From the Wall Street Journal:

He (the judge) ordered GMAC Mortgage, a unit of Ally Financial Inc., to pay the $8,000 fee of the Jacksons’ attorney after finding GMAC had filed false testimony, an affidavit in which a document signer, Margie Kwiatanowski, said she had personal knowledge of the details of loans such as the Jacksons’. GMAC declined to make Ms. Kwiatanowski available for an interview.

The judge also ordered GMAC to confirm that it had changed its policies to make sure anyone signing a document on its behalf read and fully understood the instrument. “Do not sign unless you have that comfort level,” a GMAC memo then advised employees. “Do not sign verifications on court pleading documents unless you have independently checked the facts.”

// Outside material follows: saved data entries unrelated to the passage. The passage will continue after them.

(* Only u and v enter the fibres. If w has the smallest frequency the xi-localisation comes from w;
  otherwise the support of v, or of u(y - .), confines xi to an interval of length 3 min Mu Mv. *)
lemma convolution_form_square_le_supported:
  assumes [measurable]: "u \<in> borel_measurable R2Z" "v \<in> borel_measurable R2Z" "w \<in> borel_measurable R2Z"
    and u: "supported_in lam Mu Ku Nu u" and v: "supported_in lam Mv Kv Nv v" and w: "supported_in lam Mw Kw Nw w"
    and "Mu > 0" "Mv > 0" "Mw > 0" "Ku \<ge> 0" "Kv \<ge> 0"
  shows "convolution_form u v w ^ 2 \<le> 12 * ennreal (min Mu (min Mv Mw)) * ennreal (min Ku Kv)
    * min (ecard Nu) (ecard Nv) * sq_integral u * sq_integral v * sq_integral w"
proof -
  define K where "K = min Ku Kv"
  define N where "N = min (ecard Nu) (ecard Nv)"
  have "K \<ge> 0"
    using \<open>Ku \<ge> 0\<close> \<open>Kv \<ge> 0\<close> by (simp add: K_def)
  have strip_fibre: "(\<integral>\<^sup>+x. indicator {x. P x} x \<partial>R2Z) \<le> ennreal (2 * K) * ennreal (3 * M) * N"
    if "M \<ge> 0" and "\<And>x. P x \<Longrightarrow> u (y - x) \<noteq> 0 \<and> v x \<noteq> 0 \<and> snd (fst x) \<in> {\<alpha>..\<alpha> + 3 * M}" for P y \<alpha> M
    using fibre_measure_le[OF u v \<open>Ku \<ge> 0\<close> \<open>Kv \<ge> 0\<close>, of \<alpha> "\<alpha> + 3 * M" P y] that
    by (simp add: K_def N_def)
  show ?thesis
  proof (cases "Mw \<le> Mu \<and> Mw \<le> Mv")
    case True
    define L where "L = 3 * Mw / 2"
    have "convolution_form u v w ^ 2
        \<le> 2 * (ennreal (2 * K) * ennreal (3 * Mw) * N) * sq_integral u * sq_integral v * sq_integral w"
    proof (rule convolution_form_square_le_localised[where L=L])
      show "\<bar>snd (fst y)\<bar> \<le> L" if "w y \<noteq> 0" for y
        using supported_inD(1)[OF w that] by (simp add: L_def)
      show "(\<integral>\<^sup>+x. indicator {x. u (y - x) \<noteq> 0 \<and> v x \<noteq> 0 \<and> \<bar>snd (fst x) - c\<bar> \<le> L} x \<partial>R2Z)
          \<le> ennreal (2 * K) * ennreal (3 * Mw) * N" for c y
      proof -
        have "c - L + 3 * Mw = c + L"
          by (simp add: L_def)
        then show ?thesis
          using \<open>Mw > 0\<close> by (intro strip_fibre[where \<alpha>="c - L" and y=y]) (auto simp: abs_le_iff)
      qed
    qed (use \<open>Mw > 0\<close> in \<open>simp_all add: L_def\<close>)
    also have "\<dots> = 12 * ennreal Mw * ennreal K * N * sq_integral u * sq_integral v * sq_integral w"
      unfolding ennreal_strip_bound[OF \<open>K \<ge> 0\<close> less_imp_le[OF \<open>Mw > 0\<close>]] by (simp add: mult_ac)
    finally show ?thesis
      using True by (simp add: K_def N_def)
  next
    case False
    define M where "M = min Mu Mv"
    have "M > 0"
      using \<open>Mu > 0\<close> \<open>Mv > 0\<close> by (simp add: M_def)
    have window: "\<exists>\<alpha>. \<forall>x. u (y - x) \<noteq> 0 \<and> v x \<noteq> 0 \<longrightarrow> snd (fst x) \<in> {\<alpha>..\<alpha> + 3 * M}" for y
    proof (cases "Mv \<le> Mu")
      case True
      have "snd (fst x) \<in> {- (3 * Mv / 2) .. - (3 * Mv / 2) + 3 * M}" if "v x \<noteq> 0" for x
        using supported_inD(1)[OF v that, unfolded abs_le_iff] True by (simp add: M_def)
      then show ?thesis
        by blast
    next
      case False
      have "snd (fst x) \<in> {snd (fst y) - 3 * Mu / 2 .. snd (fst y) - 3 * Mu / 2 + 3 * M}"
        if "u (y - x) \<noteq> 0" for x
        using supported_inD(1)[OF u that, unfolded abs_le_iff] False by (simp add: M_def)
      then show ?thesis
        by blast
    qed
    have "convolution_form u v w ^ 2
        \<le> ennreal (2 * K) * ennreal (3 * M) * N * sq_integral u * sq_integral v * sq_integral w"
    proof (rule convolution_form_square_le)
      fix y
      obtain \<alpha> where \<alpha>: "\<forall>x. u (y - x) \<noteq> 0 \<and> v x \<noteq> 0 \<longrightarrow> snd (fst x) \<in> {\<alpha>..\<alpha> + 3 * M}"
        using window by blast
      show "(\<integral>\<^sup>+x. indicator {x. u (y - x) \<noteq> 0 \<and> v x \<noteq> 0} x \<partial>R2Z) \<le> ennreal (2 * K) * ennreal (3 * M) * N"
        by (rule strip_fibre[where \<alpha>=\<alpha> and y=y]) (use \<open>M > 0\<close> in simp, use \<alpha> in blast)
    qed measurable
    also have "\<dots> \<le> 12 * ennreal M * ennreal K * N * sq_integral u * sq_integral v * sq_integral w"
      unfolding ennreal_strip_bound[OF \<open>K \<ge> 0\<close> less_imp_le[OF \<open>M > 0\<close>]]
      by (intro mult_right_mono) auto
    moreover have "min Mu (min Mv Mw) = M"
      using False by (auto simp: M_def min_def)
    ultimately show ?thesis
      by (simp only: K_def N_def)
  qed
qed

GMAC, which serviced the Jacksons’ loan but didn’t hold the mortgage, said: “As a servicer we try to avoid foreclosure whenever possible and work with the borrower on forbearance and home-preservation options before pursuing foreclosure.” The firm wouldn’t comment on cases still to be litigated.

GMAC also said it is reviewing all mortgages it services to make sure documents are properly prepared. It has never re-filed the case involving the Jacksons’ house.

The Jacksons, still living there, are seeking a settlement. “What we want to do is to take the foreclosure off the credit report and dissolve it completely, so we can refinance the home and start over,” said Ms. Jackson, 57.

Read the whole article.  If anyone is so foolish (Barry Ritholtz?) as to think the desired remedy for a faulty affidavit filed in court is a corrected affidavit, this piece detailing several of the first cases to start the wave of fraudclosure should wake them up to what is really going on.

In each case, the borrowers are still in the house, years after having ceased paying.  And the Jackson’s case (the example, above) says it all–they want to wipe the slate clean, and get a new mortgage.  Well, of course they do. 

I wish someone could tell me how the filing of a faulty affidavit, stating in error that you reviewed a mortgage file when you didn’t, has anything substantive to do with the relationship of borrower to lender?  Does if matter if the affidavit stating the file had been reviewed is false if the information in the file is correct? 

Nowhere in any of the cases in this article is the substantive information in the relationship between the borrower and lender questioned.  Just whether a file had been properly reviewed or not.  Isn’t the purpose of a proper review to ascertain whether the file has errors?  If  the file turns out not to have any errors, then how does it matter what an affidavit about its review says?

But in actuality, this whole fraudclosure scam is simply using lawyers and the court system to facilitate getting property from the hands of the party that values it less (the banks) and into the hands of the party that values it most (the foreclosee).  People put a premium on the places where they live, beyond just their market values.  Banks do not.  Homes are more highly valued than are simply houses.  Lawyers understand this, and are facilitating the transfer of property interests from the bank to the borrower.  So long as the cost of the lawyers is lower than the difference between the bank’s and the borrower’s valuation of the premises, the transaction will proceed.  The Coase Theorem tells us this.

But I think banks would do better to just renegotiate the loan directly with the homeowner, and let them continue to live there.  Getting something is better than nothing, and nothing, or less, will be the bank’s return on a great many of these fraudclosure cases.